EXTRACTED DATA.

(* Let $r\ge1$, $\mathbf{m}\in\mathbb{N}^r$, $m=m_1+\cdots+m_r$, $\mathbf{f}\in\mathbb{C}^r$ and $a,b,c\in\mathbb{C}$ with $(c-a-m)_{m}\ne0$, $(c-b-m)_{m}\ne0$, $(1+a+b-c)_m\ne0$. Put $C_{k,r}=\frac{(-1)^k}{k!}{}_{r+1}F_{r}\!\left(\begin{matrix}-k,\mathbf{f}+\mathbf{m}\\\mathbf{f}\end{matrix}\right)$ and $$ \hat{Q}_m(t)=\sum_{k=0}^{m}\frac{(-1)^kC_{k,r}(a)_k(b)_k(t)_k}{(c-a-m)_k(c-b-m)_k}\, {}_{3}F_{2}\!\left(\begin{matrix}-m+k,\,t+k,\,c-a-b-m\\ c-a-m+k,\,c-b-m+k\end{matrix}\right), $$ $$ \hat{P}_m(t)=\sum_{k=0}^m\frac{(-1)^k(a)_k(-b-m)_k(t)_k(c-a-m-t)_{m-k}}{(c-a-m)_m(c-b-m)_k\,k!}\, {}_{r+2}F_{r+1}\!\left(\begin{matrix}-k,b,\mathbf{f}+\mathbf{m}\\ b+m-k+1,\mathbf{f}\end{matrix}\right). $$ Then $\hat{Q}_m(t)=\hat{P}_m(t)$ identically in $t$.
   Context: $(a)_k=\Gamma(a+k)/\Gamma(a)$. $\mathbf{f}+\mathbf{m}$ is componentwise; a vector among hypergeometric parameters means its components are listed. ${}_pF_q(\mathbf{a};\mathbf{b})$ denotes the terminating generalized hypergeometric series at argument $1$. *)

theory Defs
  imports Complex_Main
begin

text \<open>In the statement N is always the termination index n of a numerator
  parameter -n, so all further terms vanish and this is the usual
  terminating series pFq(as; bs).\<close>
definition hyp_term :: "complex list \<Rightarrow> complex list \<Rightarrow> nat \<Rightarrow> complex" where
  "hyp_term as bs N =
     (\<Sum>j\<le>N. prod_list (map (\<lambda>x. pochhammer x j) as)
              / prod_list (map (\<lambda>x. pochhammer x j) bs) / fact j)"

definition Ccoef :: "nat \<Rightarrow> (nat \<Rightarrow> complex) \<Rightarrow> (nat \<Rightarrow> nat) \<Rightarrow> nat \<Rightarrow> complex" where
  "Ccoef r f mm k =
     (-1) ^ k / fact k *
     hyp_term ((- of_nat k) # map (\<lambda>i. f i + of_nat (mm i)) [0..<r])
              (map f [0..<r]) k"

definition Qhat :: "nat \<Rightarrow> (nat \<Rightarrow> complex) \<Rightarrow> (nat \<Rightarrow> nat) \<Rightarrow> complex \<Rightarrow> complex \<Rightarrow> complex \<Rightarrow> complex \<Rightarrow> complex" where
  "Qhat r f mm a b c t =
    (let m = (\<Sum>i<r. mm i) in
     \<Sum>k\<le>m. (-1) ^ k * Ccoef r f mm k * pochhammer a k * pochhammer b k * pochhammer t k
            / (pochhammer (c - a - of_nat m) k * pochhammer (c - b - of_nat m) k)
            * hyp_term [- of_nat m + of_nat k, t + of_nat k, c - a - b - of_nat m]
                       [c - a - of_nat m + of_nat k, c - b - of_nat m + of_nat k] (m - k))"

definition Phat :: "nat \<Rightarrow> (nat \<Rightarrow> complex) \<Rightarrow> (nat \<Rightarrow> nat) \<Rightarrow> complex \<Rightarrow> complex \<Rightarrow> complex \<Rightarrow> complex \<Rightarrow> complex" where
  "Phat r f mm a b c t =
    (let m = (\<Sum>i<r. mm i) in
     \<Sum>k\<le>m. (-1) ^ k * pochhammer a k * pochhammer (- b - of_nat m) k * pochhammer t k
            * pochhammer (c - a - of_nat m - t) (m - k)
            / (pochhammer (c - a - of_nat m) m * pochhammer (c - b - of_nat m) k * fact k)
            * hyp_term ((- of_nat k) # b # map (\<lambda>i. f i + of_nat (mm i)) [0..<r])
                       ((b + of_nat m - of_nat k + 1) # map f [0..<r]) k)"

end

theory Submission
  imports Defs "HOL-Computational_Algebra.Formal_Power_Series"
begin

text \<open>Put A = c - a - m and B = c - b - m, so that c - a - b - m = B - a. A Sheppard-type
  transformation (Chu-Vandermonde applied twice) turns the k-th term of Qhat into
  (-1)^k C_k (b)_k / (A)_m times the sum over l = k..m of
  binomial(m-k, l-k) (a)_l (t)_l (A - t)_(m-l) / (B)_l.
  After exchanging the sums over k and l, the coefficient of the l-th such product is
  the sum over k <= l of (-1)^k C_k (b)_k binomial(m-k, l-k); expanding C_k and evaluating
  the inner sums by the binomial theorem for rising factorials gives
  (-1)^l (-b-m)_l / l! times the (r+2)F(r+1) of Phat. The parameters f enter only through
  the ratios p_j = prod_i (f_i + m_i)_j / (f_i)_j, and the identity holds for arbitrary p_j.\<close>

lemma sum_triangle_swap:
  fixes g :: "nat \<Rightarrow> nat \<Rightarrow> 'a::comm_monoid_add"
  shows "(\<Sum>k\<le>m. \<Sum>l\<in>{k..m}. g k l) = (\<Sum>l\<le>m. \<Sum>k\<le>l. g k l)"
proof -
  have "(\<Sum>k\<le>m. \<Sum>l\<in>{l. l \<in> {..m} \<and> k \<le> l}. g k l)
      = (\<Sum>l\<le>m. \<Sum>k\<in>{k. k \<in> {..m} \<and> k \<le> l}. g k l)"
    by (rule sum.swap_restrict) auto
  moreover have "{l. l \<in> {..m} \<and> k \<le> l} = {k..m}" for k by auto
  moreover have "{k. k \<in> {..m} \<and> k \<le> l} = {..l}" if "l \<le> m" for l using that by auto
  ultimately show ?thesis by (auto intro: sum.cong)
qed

GOAL OF THE EXERCISE. Output the records above precisely.

RESPONSE AREA.
(* Let $r\ge1$, $\mathbf{m}\in\mathbb{N}^r$, $m=m_1+\cdots+m_r$, $\mathbf{f}\in\mathbb{C}^r$ and $a,b,c\in\mathbb{C}$ with $(c-a-m)_{m}\ne0$, $(c-b-m)_{m}\ne0$, $(1+a+b-c)_m\ne0$. Put $C_{k,r}=\frac{(-1)^k}{k!}{}_{r+1}F_{r}\!\left(\begin{matrix}-k,\mathbf{f}+\mathbf{m}\\\mathbf{f}\end{matrix}\right)$ and $$ \hat{Q}_m(t)=\sum_{k=0}^{m}\frac{(-1)^kC_{k,r}(a)_k(b)_k(t)_k}{(c-a-m)_k(c-b-m)_k}\, {}_{3}F_{2}\!\left(\begin{matrix}-m+k,\,t+k,\,c-a-b-m\\ c-a-m+k,\,c-b-m+k\end{matrix}\right), $$ $$ \hat{P}_m(t)=\sum_{k=0}^m\frac{(-1)^k(a)_k(-b-m)_k(t)_k(c-a-m-t)_{m-k}}{(c-a-m)_m(c-b-m)_k\,k!}\, {}_{r+2}F_{r+1}\!\left(\begin{matrix}-k,b,\mathbf{f}+\mathbf{m}\\ b+m-k+1,\mathbf{f}\end{matrix}\right). $$ Then $\hat{Q}_m(t)=\hat{P}_m(t)$ identically in $t$.
   Context: $(a)_k=\Gamma(a+k)/\Gamma(a)$. $\mathbf{f}+\mathbf{m}$ is componentwise; a vector among hypergeometric parameters means its components are listed. ${}_pF_q(\mathbf{a};\mathbf{b})$ denotes the terminating generalized hypergeometric series at argument $1$. *)

theory Defs
  imports Complex_Main
begin

text \<open>In the statement N is always the termination index n of a numerator
  parameter -n, so all further terms vanish and this is the usual
  terminating series pFq(as; bs).\<close>
definition hyp_term :: "complex list \<Rightarrow> complex list \<Rightarrow> nat \<Rightarrow> complex" where
  "hyp_term as bs N =
     (\<Sum>j\<le>N. prod_list (map (\<lambda>x. pochhammer x j) as)
              / prod_list (map (\<lambda>x. pochhammer x j) bs) / fact j)"

definition Ccoef :: "nat \<Rightarrow> (nat \<Rightarrow> complex) \<Rightarrow> (nat \<Rightarrow> nat) \<Rightarrow> nat \<Rightarrow> complex" where
  "Ccoef r f mm k =
     (-1) ^ k / fact k *
     hyp_term ((- of_nat k) # map (\<lambda>i. f i + of_nat (mm i)) [0..<r])
              (map f [0..<r]) k"

definition Qhat :: "nat \<Rightarrow> (nat \<Rightarrow> complex) \<Rightarrow> (nat \<Rightarrow> nat) \<Rightarrow> complex \<Rightarrow> complex \<Rightarrow> complex \<Rightarrow> complex \<Rightarrow> complex" where
  "Qhat r f mm a b c t =
    (let m = (\<Sum>i<r. mm i) in
     \<Sum>k\<le>m. (-1) ^ k * Ccoef r f mm k * pochhammer a k * pochhammer b k * pochhammer t k
            / (pochhammer (c - a - of_nat m) k * pochhammer (c - b - of_nat m) k)
            * hyp_term [- of_nat m + of_nat k, t + of_nat k, c - a - b - of_nat m]
                       [c - a - of_nat m + of_nat k, c - b - of_nat m + of_nat k] (m - k))"

definition Phat :: "nat \<Rightarrow> (nat \<Rightarrow> complex) \<Rightarrow> (nat \<Rightarrow> nat) \<Rightarrow> complex \<Rightarrow> complex \<Rightarrow> complex \<Rightarrow> complex \<Rightarrow> complex" where
  "Phat r f mm a b c t =
    (let m = (\<Sum>i<r. mm i) in
     \<Sum>k\<le>m. (-1) ^ k * pochhammer a k * pochhammer (- b - of_nat m) k * pochhammer t k
            * pochhammer (c - a - of_nat m - t) (m - k)
            / (pochhammer (c - a - of_nat m) m * pochhammer (c - b - of_nat m) k * fact k)
            * hyp_term ((- of_nat k) # b # map (\<lambda>i. f i + of_nat (mm i)) [0..<r])
                       ((b + of_nat m - of_nat k + 1) # map f [0..<r]) k)"

end

theory Submission
  imports Defs "HOL-Computational_Algebra.Formal_Power_Series"
begin

text \<open>Put A = c - a - m and B = c - b - m, so that c - a - b - m = B - a. A Sheppard-type
  transformation (Chu-Vandermonde applied twice) turns the k-th term of Qhat into
  (-1)^k C_k (b)_k / (A)_m times the sum over l = k..m of
  binomial(m-k, l-k) (a)_l (t)_l (A - t)_(m-l) / (B)_l.
  After exchanging the sums over k and l, the coefficient of the l-th such product is
  the sum over k <= l of (-1)^k C_k (b)_k binomial(m-k, l-k); expanding C_k and evaluating
  the inner sums by the binomial theorem for rising factorials gives
  (-1)^l (-b-m)_l / l! times the (r+2)F(r+1) of Phat. The parameters f enter only through
  the ratios p_j = prod_i (f_i + m_i)_j / (f_i)_j, and the identity holds for arbitrary p_j.\<close>

lemma sum_triangle_swap:
  fixes g :: "nat \<Rightarrow> nat \<Rightarrow> 'a::comm_monoid_add"
  shows "(\<Sum>k\<le>m. \<Sum>l\<in>{k..m}. g k l) = (\<Sum>l\<le>m. \<Sum>k\<le>l. g k l)"
proof -
  have "(\<Sum>k\<le>m. \<Sum>l\<in>{l. l \<in> {..m} \<and> k \<le> l}. g k l)
      = (\<Sum>l\<le>m. \<Sum>k\<in>{k. k \<in> {..m} \<and> k \<le> l}. g k l)"
    by (rule sum.swap_restrict) auto
  moreover have "{l. l \<in> {..m} \<and> k \<le> l} = {k..m}" for k by auto
  moreover have "{k. k \<in> {..m} \<and> k \<le> l} = {..l}" if "l \<le> m" for l using that by auto
  ultimately show ?thesis by (auto intro: sum.cong)
qed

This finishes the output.